Instructions to follow: Your answer should hold exactly the lines from the one with "n1)) \<le> real_of_int" through the last line of the material below, nothing before and nothing extra.

Data to use:
theorem mainTheorem6:
  fixes a b n1 m :: int and z w :: nat
  assumes "a > 0" and "b > 0" and "gcd a b = 1"
    and "\<exists>g. residue_primroot (nat (a^2 + b^2)) g"
    and "n1 > 0" and "m > 0"
    and "\<exists>u::int. (a^2 + b^2) * n1 - m^4
                 = u^2 + (a^2 + b^2) * (int z)^2 + (a^2 + b^2) * (int w)^2"
    and "\<And>p::int. prime p \<Longrightarrow> odd p \<Longrightarrow> p dvd (a^2 + b^2) \<Longrightarrow> gcd m p = 1"
    and "gcd m (a^2 + b^2) > 1 \<Longrightarrow> \<not> 2 dvd (a * b) \<and> gcd m (a^2 + b^2) = 2"
  shows "\<exists>x y :: int. x^2 + y^2 + (int z)^2 + (int w)^2 = n1 \<and> a * x + b * y = m^2 \<and>
           ((real_of_int (m^2) \<ge> sqrt (real_of_int (b^2 * n1)) \<and> a \<le> b) \<longrightarrow> x \<ge> 0 \<and> y \<ge> 0)"
proof -
  obtain g where pr: "residue_primroot (nat (a^2 + b^2)) g"
    using assms(4) ..
  obtain u
    where u: "(a^2 + b^2) * n1 - m^4 = u^2 + (a^2 + b^2) * (int z)^2 + (a^2 + b^2) * (int w)^2"
    using assms(7) ..
  have "coprime a b"
    using assms(3) by (simp add: coprime_iff_gcd_eq_1)
  moreover have "(a^2 + b^2) * (n1 - (int z)^2 - (int w)^2) = (m^2)^2 + u^2"
    using u by (simp add: algebra_simps flip: power_mult)
  ultimately obtain x y
    where "x^2 + y^2 = n1 - (int z)^2 - (int w)^2" and lin: "a * x + b * y = m^2"
    using sum_squares_linear_of_primroot[OF _ pr assms(9)] by blast
  then have four_squares: "x^2 + y^2 + (int z)^2 + (int w)^2 = n1"
    by simp
  have "0 \<le> x \<and> 0 \<le> y" if "sqrt (real_of_int (b^2 * n1)) \<le> real_of_int (m^2)" and "a \<le> b"
  proof (rule nonneg_of_linear_eq_sum_squares_le[OF assms(1) that(2) _ lin])
    show "b^2 * n1 \<le> (m^2)^2"
      using sqrt_le_D[OF that(1)] by (metis of_int_le_iff of_int_power)
    show "x^2 \<le> n1" and "y^2 \<le> n1"
      using four_squares zero_le_power2 [of x] zero_le_power2 [of y] zero_le_power2 [of "int z"]
        zero_le_power2 [of "int w"] by linarith+
  qed simp
  with four_squares lin show ?thesis
    by blast
qed

end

Answer for this exercise:
  have "0 \<le> x \<and> 0 \<le> y" if "sqrt (real_of_int (b^2 * n1)) \<le> real_of_int (m^2)" and "a \<le> b"
  proof (rule nonneg_of_linear_eq_sum_squares_le[OF assms(1) that(2) _ lin])
    show "b^2 * n1 \<le> (m^2)^2"
      using sqrt_le_D[OF that(1)] by (metis of_int_le_iff of_int_power)
    show "x^2 \<le> n1" and "y^2 \<le> n1"
      using four_squares zero_le_power2 [of x] zero_le_power2 [of y] zero_le_power2 [of "int z"]
        zero_le_power2 [of "int w"] by linarith+
  qed simp
  with four_squares lin show ?thesis
    by blast
qed

end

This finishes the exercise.